反論:eSIMのみのiPhone 14はeSIM導入の転換点となる

AppleはiPhone 14シリーズでeSIMを全面的に採用しています。eSIMとは、物理的なnanoSIMを使わずに通信事業者のモバイル通信プランを利用できるデジタルSIMです。

スマートフォンにおけるeSIMは2017年から存在していましたが、Counterpoint Researchによると、その普及は緩やかでした。Googleが「Project Fi」の一環としてeSIM対応のPixel 2を発売したことが、eSIMの普及の始まりでした。しかし、業界におけるeSIMの普及をリードしたのはAppleであると、同調査グループは指摘しています。

同社はiPhone XSでeSIM技術を導入し、それ以降発売されるすべてのiPhoneがeSIMに対応しています。そして今回、AppleはiPhone 14シリーズで米国においてeSIMのみに対応したスマートフォンを発売しました。Appleに続き、Samsung、Huawei、Motorolaといった他のスマートフォンメーカーも、主にプレミアムセグメントにおいてeSIM対応スマートフォンを発売しています。現在までに14のメーカーがeSIM対応デバイスを発売しています。

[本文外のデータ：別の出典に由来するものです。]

lemma exists_factor_sym_mat:
  fixes D :: "real^'r::finite^'r" and C :: "real^'q::finite^'r"
  assumes tD: "transpose D = D" and ker: "\<And>v. D *v v = 0 \<Longrightarrow> transpose C *v v = 0"
  shows "\<exists>K. D ** K = C"
proof -
  let ?f = "(*v) D"
  have lin: "linear ?f" by (rule matrix_vector_mul_linear)
  have "?f -` {0} = (range ?f)\<^sup>\<bottom>"
    using ker_orthogonal_comp_adjoint[OF lin] adjoint_matrix[of D] tD by simp
  then have range: "(?f -` {0})\<^sup>\<bottom> = range ?f"
    using orthogonal_comp_self[OF linear_subspace_image[OF lin subspace_UNIV]] by simp
  have "\<exists>y. D *v y = C *v w" for w
  proof -
    have "v \<bullet> (C *v w) = 0" if "D *v v = 0" for v
      using ker[OF that] by (metis inner_matrix_transpose inner_zero_right)
    then have "C *v w \<in> (?f -` {0})\<^sup>\<bottom>"
      unfolding orthogonal_comp_def orthogonal_def by auto
    then show ?thesis using range by auto
  qed
  then obtain g where g: "\<And>w. D *v g w = C *v w" by metis
  have "(D ** (\<chi> i j. g (axis j 1) $ i)) $ i $ j = C $ i $ j" for i j
  proof -
    have "(D ** (\<chi> i j. g (axis j 1) $ i)) $ i $ j = (D *v g (axis j 1)) $ i"
      by (simp add: matrix_matrix_mult_def matrix_vector_mult_def)
    also have "\<dots> = C $ i $ j" by (simp add: g matrix_vector_mult_basis column_def)
    finally show ?thesis .
  qed
  then show ?thesis by (auto simp: vec_eq_iff)
qed

lemma schur_form_pos:
  assumes tA: "transpose A = A" and tB: "transpose B = C" and tD: "transpose D = D"
    and DK: "D ** K = C" and nsdD: "\<And>d. d \<bullet> (D *v d) \<le> 0"
    and Z0: "Z0 \<in> block_Zplus A B C D" and x0: "x \<noteq> 0"
  shows "0 < x \<bullet> ((A - B ** K) *v x)"
proof -
  define d where "d = Z0 *v x + K *v x"
  have "0 < block_quad A B C D x (Z0 *v x)"
    using Z0 x0 unfolding block_Zplus_def by auto
  also have "block_quad A B C D x (Z0 *v x) = block_quad A B C D (0 + x) (d - K *v x)"
    by (simp add: d_def)
  also have "\<dots> = d \<bullet> (D *v d) + x \<bullet> ((A - B ** K) *v x)"
    unfolding block_quad_shift[OF tA tB tD DK] by (simp add: block_quad_def)
  finally show ?thesis using nsdD[of d] by simp
qed

lemma exists_orthogonal_left_inverse:
  fixes S :: "real^'q::finite^'q" and W :: "real^'p::finite^'q"
  assumes Spos: "\<And>x. x \<noteq> 0 \<Longrightarrow> 0 < x \<bullet> (S *v x)"
    and injW: "\<And>u. W *v u = 0 \<Longrightarrow> u = 0"
  obtains E where "\<And>u. E *v (W *v u) = u"
    and "\<And>x u. (W *v u) \<bullet> (S *v (x - W *v (E *v x))) = 0"
proof -
  define G where "G = transpose W ** S ** W"
  have WtS: "u \<bullet> (y v* W) = (W *v u) \<bullet> y" for u y
    by (metis dot_lmul_matrix inner_commute)
  have "u = 0" if "G *v u = 0" for u
  proof -
    have "(W *v u) \<bullet> (S *v (W *v u)) = u \<bullet> (G *v u)"
      unfolding G_def by (simp add: matrix_vector_mul_assoc[symmetric] WtS)
    then have "(W *v u) \<bullet> (S *v (W *v u)) = 0" using that by simp
    then show "u = 0" by (metis Spos injW less_irrefl)
  qed
  then have "inj ((*v) G)"
    using linear_injective_0[OF matrix_vector_mul_linear] by blast
  then obtain Gi where GiG: "Gi ** G = mat 1"
    using matrix_left_invertible_injective by blast
  then have GGi: "G ** Gi = mat 1" using matrix_left_right_inverse by blast
  define E where "E = Gi ** transpose W ** S"
  show thesis
  proof
    show "E *v (W *v u) = u" for u
      using GiG unfolding E_def G_def
      by (simp add: matrix_vector_mul_assoc matrix_mul_assoc)
    have "transpose W *v (S *v (W *v (E *v x))) = (G ** Gi) *v (transpose W *v (S *v x))" for x
      unfolding E_def G_def by (simp add: matrix_vector_mul_assoc matrix_mul_assoc)
    then have "transpose W *v (S *v (x - W *v (E *v x))) = 0" for x
      using GGi by (simp add: matrix_vector_mult_diff_distrib)
    then show "(W *v u) \<bullet> (S *v (x - W *v (E *v x))) = 0" for x u
      by (metis WtS transpose_matrix_vector inner_zero_right)
  qed
qed
(* For every positive integer $k$ there exist $\delta_k>0$ and $\rho_k>0$ depending only on $k$ such that: if $s<t$ are real and $f:[s,t)\to\mathbb{R}$ is $k$-regular, then there is an interval $J\subset[s,t)$ with $|J|>\delta_k(t-s)$ and $\inf_{x\in J}|f'(x)|\ge\rho_k\sup_{x\in[s,t)}|f'(x)|$.
   Context: For an integer $k\ge0$, a map $f:[s,t)\to\mathbb{R}$ is $k$-regular if $f$ is $C^k$ and $\sup_{x\in[s,t)}|f^{(k)}(x)|\le2\inf_{x\in[s,t)}|f^{(k)}(x)|$. *)

theory Defs
  imports "HOL-Analysis.Analysis"
begin

text \<open>A C^k function on a set S, given together with its derivatives:
  D 0 is the function, D (Suc i) is the derivative of D i (one-sided at
  endpoints, i.e. within S) for i < k, and D k is continuous on S.\<close>
definition Ck_on :: "nat \<Rightarrow> (nat \<Rightarrow> real \<Rightarrow> real) \<Rightarrow> real set \<Rightarrow> bool" where
  "Ck_on k D S \<longleftrightarrow>
     (\<forall>i<k. \<forall>x\<in>S. (D i has_real_derivative D (Suc i) x) (at x within S)) \<and>
     continuous_on S (D k)"

definition k_regular :: "nat \<Rightarrow> (nat \<Rightarrow> real \<Rightarrow> real) \<Rightarrow> real \<Rightarrow> real \<Rightarrow> bool" where
  "k_regular k D s t \<longleftrightarrow>
     Ck_on k D {s..<t} \<and>
     bdd_above ((\<lambda>x. \<bar>D k x\<bar>) ` {s..<t}) \<and>
     (SUP x\<in>{s..<t}. \<bar>D k x\<bar>) \<le> 2 * (INF x\<in>{s..<t}. \<bar>D k x\<bar>)"

end

theory Submission
  imports Defs
begin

しかし、カウンターポイント・リサーチは、Appleが業界の事実上の標準を確立していると指摘しています。同調査グループの報告書には、「ここ数年、このような事例が何度も見られてきました。確かに、他のOEM(相手先ブランド製造会社)はAppleよりも早く製品を発売できるかもしれませんが、Appleがその技術をiPhoneの販売に活用すれば、その技術はより早く普及するでしょう。デュアルカメラ、ポートレートカメラ、Face ID搭載のディスプレイノッチなどで、この現象が起こりました」と記されています。

同じ現象がeSIMでも繰り返されるでしょう。GoogleはeSIM対応スマートフォンを初めて発売した企業であり、MotorolaはAppleより3年前に世界初のeSIM専用携帯電話を発売していましたが、今回の発売により、スマートフォンにおけるeSIMの発売が飛躍的に増加するでしょう。

eSIMの導入は、業界にとって大きな転換点となり、物理SIMカードからeSIMへの移行を促進すると考えています。eSIM専用iPhoneは、世界中の多くの消費者の心にeSIMを定着させるだけでなく、将来的には他のOEMにもeSIMへの移行を促すでしょう。